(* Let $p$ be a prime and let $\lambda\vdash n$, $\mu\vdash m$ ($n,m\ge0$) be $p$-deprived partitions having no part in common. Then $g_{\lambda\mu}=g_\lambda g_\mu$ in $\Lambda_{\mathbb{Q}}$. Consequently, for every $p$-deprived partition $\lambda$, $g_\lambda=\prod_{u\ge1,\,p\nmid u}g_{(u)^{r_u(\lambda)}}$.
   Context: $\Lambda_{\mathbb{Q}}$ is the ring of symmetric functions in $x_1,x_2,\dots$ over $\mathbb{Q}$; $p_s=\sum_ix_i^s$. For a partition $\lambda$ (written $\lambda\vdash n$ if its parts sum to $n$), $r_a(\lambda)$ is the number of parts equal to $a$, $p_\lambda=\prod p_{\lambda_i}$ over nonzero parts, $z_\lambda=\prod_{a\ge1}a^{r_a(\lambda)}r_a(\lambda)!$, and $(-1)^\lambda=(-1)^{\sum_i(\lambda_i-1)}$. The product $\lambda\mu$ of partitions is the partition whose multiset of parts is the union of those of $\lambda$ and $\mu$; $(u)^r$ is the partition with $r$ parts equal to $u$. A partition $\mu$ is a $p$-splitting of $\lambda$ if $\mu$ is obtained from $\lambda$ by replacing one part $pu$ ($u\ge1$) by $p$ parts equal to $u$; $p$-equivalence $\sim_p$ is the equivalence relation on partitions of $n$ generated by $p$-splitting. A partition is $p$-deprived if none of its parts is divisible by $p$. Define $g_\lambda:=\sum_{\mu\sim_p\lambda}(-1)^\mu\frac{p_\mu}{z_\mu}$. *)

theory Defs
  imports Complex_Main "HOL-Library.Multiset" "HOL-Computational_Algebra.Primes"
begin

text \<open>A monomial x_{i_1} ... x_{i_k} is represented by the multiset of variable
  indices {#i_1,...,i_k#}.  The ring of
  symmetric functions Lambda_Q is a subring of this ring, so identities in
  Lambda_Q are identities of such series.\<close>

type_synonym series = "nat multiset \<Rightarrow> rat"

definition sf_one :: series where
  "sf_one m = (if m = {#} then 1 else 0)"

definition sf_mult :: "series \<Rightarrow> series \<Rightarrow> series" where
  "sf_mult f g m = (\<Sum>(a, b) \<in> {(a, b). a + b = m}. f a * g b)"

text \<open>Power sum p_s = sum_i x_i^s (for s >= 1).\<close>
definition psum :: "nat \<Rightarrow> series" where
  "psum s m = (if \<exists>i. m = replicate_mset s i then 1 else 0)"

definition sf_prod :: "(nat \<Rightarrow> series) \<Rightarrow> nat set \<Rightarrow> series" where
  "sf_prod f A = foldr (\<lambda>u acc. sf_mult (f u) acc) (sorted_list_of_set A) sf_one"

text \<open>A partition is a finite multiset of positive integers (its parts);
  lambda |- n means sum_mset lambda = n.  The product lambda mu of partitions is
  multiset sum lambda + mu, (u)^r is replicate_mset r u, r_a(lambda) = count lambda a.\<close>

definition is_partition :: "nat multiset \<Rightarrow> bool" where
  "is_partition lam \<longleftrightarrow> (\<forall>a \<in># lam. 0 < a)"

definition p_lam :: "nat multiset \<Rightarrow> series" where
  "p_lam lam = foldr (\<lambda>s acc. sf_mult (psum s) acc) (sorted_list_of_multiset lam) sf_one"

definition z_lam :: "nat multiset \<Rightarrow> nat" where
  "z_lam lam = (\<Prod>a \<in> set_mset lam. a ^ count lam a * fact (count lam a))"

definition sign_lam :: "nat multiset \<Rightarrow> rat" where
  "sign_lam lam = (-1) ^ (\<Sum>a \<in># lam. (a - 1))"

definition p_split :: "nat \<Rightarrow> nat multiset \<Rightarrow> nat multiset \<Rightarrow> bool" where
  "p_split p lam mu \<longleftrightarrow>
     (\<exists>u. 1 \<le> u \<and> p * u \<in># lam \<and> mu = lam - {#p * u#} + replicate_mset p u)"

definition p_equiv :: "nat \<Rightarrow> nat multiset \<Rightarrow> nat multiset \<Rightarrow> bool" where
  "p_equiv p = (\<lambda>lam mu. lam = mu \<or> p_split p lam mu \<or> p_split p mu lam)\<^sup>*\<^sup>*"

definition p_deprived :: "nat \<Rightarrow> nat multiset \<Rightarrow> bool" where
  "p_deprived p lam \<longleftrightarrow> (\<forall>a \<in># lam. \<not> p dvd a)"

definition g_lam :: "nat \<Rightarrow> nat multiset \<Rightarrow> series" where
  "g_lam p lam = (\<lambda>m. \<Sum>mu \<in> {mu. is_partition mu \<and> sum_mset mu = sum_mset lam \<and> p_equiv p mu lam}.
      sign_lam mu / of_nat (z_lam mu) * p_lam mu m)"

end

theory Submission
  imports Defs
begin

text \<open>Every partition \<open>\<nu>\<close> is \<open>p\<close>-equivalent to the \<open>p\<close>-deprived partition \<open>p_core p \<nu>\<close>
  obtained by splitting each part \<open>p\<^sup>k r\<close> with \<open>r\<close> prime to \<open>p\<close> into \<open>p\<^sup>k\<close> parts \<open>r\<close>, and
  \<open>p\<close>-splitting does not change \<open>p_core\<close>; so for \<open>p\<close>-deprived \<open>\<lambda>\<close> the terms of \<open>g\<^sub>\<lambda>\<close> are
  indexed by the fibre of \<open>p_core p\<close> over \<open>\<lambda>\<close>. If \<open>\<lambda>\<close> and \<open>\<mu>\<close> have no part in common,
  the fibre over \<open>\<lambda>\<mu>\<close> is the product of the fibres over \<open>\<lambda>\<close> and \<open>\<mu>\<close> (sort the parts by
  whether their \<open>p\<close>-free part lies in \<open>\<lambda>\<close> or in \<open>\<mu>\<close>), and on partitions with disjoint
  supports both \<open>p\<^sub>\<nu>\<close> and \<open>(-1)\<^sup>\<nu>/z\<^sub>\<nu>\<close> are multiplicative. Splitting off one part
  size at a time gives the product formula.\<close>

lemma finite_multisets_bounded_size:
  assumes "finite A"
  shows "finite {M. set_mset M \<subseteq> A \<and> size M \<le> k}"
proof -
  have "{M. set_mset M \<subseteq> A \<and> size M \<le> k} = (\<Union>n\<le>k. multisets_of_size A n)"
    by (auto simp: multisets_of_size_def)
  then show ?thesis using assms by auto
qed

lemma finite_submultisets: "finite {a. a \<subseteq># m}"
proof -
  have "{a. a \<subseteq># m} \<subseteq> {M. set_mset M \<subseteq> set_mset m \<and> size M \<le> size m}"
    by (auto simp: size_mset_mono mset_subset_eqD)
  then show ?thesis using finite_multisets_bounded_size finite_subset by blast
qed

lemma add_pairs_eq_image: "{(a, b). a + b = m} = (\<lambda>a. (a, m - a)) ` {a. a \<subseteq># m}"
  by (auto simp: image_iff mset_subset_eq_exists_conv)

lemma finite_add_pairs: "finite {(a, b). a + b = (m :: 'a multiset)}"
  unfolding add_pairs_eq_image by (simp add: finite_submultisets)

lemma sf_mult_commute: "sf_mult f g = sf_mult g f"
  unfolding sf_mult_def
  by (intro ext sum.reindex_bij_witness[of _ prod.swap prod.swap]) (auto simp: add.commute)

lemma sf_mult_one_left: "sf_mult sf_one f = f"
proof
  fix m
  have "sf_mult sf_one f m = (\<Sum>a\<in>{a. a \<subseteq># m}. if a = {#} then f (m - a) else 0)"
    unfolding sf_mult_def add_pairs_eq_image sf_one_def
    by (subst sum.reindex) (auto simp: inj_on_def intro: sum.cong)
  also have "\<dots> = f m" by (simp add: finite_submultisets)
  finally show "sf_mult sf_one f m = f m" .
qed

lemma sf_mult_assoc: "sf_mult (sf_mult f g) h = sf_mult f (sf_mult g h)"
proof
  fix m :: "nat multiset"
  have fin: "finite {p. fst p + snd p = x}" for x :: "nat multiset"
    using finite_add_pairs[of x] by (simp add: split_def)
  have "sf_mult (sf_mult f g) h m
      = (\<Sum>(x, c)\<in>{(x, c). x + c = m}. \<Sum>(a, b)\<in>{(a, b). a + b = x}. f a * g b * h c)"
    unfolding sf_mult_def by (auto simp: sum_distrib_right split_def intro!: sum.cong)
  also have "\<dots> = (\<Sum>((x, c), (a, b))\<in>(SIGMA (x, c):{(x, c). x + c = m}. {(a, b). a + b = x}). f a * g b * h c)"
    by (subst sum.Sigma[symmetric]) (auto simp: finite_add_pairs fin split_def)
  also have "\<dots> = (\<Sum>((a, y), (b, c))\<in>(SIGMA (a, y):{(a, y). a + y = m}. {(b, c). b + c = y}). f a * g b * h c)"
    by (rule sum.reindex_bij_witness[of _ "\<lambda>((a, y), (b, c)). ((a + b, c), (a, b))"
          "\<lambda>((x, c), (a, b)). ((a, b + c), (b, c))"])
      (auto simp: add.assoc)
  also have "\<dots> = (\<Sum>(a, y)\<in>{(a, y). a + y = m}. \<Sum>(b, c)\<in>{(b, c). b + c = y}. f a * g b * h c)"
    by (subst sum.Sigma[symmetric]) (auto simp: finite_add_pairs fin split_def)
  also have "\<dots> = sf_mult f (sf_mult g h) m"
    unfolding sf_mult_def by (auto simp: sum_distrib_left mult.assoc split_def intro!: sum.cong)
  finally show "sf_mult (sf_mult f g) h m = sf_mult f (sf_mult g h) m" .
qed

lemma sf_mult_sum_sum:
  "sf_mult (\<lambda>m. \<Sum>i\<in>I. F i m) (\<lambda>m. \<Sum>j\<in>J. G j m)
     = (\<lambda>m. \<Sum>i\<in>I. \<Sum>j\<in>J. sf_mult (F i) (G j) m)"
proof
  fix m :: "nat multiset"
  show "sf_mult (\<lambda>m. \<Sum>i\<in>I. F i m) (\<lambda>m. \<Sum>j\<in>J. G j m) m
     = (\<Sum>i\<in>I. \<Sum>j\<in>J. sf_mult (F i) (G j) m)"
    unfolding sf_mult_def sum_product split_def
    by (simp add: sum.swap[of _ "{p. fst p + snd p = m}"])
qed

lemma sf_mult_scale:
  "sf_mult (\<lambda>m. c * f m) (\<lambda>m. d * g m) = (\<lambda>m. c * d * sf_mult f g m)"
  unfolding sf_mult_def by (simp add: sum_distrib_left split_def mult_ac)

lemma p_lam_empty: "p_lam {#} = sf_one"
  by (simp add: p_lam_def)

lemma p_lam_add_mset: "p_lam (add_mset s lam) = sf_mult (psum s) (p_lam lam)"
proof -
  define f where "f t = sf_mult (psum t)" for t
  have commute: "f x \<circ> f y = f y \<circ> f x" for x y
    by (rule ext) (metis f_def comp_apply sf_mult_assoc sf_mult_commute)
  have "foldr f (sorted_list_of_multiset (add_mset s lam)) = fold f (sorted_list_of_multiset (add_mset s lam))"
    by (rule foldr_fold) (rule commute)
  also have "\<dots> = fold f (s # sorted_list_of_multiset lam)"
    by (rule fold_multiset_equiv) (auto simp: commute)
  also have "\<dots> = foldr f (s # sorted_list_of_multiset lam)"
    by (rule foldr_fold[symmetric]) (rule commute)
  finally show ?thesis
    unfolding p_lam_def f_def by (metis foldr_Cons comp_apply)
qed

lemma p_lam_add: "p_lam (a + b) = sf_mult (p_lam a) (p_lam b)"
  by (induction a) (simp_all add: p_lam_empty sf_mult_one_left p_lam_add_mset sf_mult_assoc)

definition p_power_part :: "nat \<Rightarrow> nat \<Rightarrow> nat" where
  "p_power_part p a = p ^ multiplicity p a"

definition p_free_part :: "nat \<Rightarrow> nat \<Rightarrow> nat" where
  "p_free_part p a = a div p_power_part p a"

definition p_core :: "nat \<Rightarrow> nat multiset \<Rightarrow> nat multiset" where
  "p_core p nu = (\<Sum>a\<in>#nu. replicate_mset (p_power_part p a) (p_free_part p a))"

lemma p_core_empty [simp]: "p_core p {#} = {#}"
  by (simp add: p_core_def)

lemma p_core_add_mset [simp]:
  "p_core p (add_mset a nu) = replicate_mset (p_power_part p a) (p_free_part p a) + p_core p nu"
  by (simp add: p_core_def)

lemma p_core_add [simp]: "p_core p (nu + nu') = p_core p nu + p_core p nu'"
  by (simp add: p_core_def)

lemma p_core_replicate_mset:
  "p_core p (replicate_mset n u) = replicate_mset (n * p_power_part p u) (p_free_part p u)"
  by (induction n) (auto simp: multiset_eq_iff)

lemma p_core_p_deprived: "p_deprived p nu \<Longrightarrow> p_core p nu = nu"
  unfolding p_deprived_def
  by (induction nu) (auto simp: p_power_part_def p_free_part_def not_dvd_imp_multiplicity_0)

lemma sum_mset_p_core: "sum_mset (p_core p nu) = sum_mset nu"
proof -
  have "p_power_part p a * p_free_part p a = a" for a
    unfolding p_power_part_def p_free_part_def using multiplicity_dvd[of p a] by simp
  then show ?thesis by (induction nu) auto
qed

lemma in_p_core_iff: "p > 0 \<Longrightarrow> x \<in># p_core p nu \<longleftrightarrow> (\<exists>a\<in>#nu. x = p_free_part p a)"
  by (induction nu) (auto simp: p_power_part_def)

****************

What the task requires >> All lines with the word "induction" need to be copied from the data above.

Answer section >>
  by (induction a) (simp_all add: p_lam_empty sf_mult_one_left p_lam_add_mset sf_mult_assoc)
  by (induction n) (auto simp: multiset_eq_iff)
  by (induction nu) (auto simp: p_power_part_def p_free_part_def not_dvd_imp_multiplicity_0)
  then show ?thesis by (induction nu) auto
  by (induction nu) (auto simp: p_power_part_def)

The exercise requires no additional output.